**Dataset records:**
-- Opening Marker --
(* Let $(X_n)$ be a stationary discrete-in-time Markov process on $\mathbb{R}^d$ with positive transition density $p(x,y)$, ergodic with respect to a unique invariant probability $\mu(\mathrm{d}x)=\pi(x)\mathrm{d}x$, $\pi>0$ (reversibility is not assumed). Let $A,B\subset\mathbb{R}^d$ be disjoint closed sets with smooth boundaries such that $(A\cup B)^c\ne\emptyset$, let $k_{AB}$ be the transition rate from $A$ to $B$, $k_{BA}$ the rate from $B$ to $A$, and $q$ the forward committor. Then: (1) $k_{AB}=k_{BA}$; (2) $k_{AB}=\int_A\left[\int_{\mathbb{R}^d}p(x,y)q(y)\,\mathrm{d}y\right]\mu(\mathrm{d}x)=\int_B\left[\int_{\mathbb{R}^d}p(x,y)(1-q(y))\,\mathrm{d}y\right]\mu(\mathrm{d}x)$; (3) $k_{AB}=\mathcal{E}(q)=\frac12\int_{\mathbb{R}^d}\left[\int_{\mathbb{R}^d}p(x,y)(q(y)-q(x))^2\,\mathrm{d}y\right]\mu(\mathrm{d}x)$.
   Context: A trajectory segment $X_m,X_{m+1},\dots,X_{m+j}$ ($m\ge0$, $j\ge1$) is reactive (from $A$ to $B$) if $X_m\in A$, $X_{m+j}\in B$ and $X_i\in(A\cup B)^c$ for $m<i<m+j$. With $M_N^R$ the number of reactive segments starting within the first $N$ steps of a trajectory, $k_{AB}=\lim_{N\to\infty}M_N^R/N$; $k_{BA}$ is defined symmetrically. The committor is $q(x)=\mathbb{P}(\text{starting from }x,\ X_n\text{ enters }B\text{ before }A)$; it satisfies $(\mathcal{T}q)(x)=q(x)$ on $(A\cup B)^c$, $q|_A\equiv0$, $q|_B\equiv1$, where $(\mathcal{T}f)(x)=\int p(x,y)f(y)\,\mathrm{d}y$. $\mathcal{E}(f)=\frac12\int\int(f(y)-f(x))^2p(x,y)\,\mathrm{d}y\,\mu(\mathrm{d}x)$. *)

theory Defs
  imports "HOL-Probability.Probability"
begin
-- Closing Marker --
**About this exercise:** Each record above should be repeated exactly.

**Exercise solution:**
(* Let $(X_n)$ be a stationary discrete-in-time Markov process on $\mathbb{R}^d$ with positive transition density $p(x,y)$, ergodic with respect to a unique invariant probability $\mu(\mathrm{d}x)=\pi(x)\mathrm{d}x$, $\pi>0$ (reversibility is not assumed). Let $A,B\subset\mathbb{R}^d$ be disjoint closed sets with smooth boundaries such that $(A\cup B)^c\ne\emptyset$, let $k_{AB}$ be the transition rate from $A$ to $B$, $k_{BA}$ the rate from $B$ to $A$, and $q$ the forward committor. Then: (1) $k_{AB}=k_{BA}$; (2) $k_{AB}=\int_A\left[\int_{\mathbb{R}^d}p(x,y)q(y)\,\mathrm{d}y\right]\mu(\mathrm{d}x)=\int_B\left[\int_{\mathbb{R}^d}p(x,y)(1-q(y))\,\mathrm{d}y\right]\mu(\mathrm{d}x)$; (3) $k_{AB}=\mathcal{E}(q)=\frac12\int_{\mathbb{R}^d}\left[\int_{\mathbb{R}^d}p(x,y)(q(y)-q(x))^2\,\mathrm{d}y\right]\mu(\mathrm{d}x)$.
   Context: A trajectory segment $X_m,X_{m+1},\dots,X_{m+j}$ ($m\ge0$, $j\ge1$) is reactive (from $A$ to $B$) if $X_m\in A$, $X_{m+j}\in B$ and $X_i\in(A\cup B)^c$ for $m<i<m+j$. With $M_N^R$ the number of reactive segments starting within the first $N$ steps of a trajectory, $k_{AB}=\lim_{N\to\infty}M_N^R/N$; $k_{BA}$ is defined symmetrically. The committor is $q(x)=\mathbb{P}(\text{starting from }x,\ X_n\text{ enters }B\text{ before }A)$; it satisfies $(\mathcal{T}q)(x)=q(x)$ on $(A\cup B)^c$, $q|_A\equiv0$, $q|_B\equiv1$, where $(\mathcal{T}f)(x)=\int p(x,y)f(y)\,\mathrm{d}y$. $\mathcal{E}(f)=\frac12\int\int(f(y)-f(x))^2p(x,y)\,\mathrm{d}y\,\mu(\mathrm{d}x)$. *)

theory Defs
  imports "HOL-Probability.Probability"
begin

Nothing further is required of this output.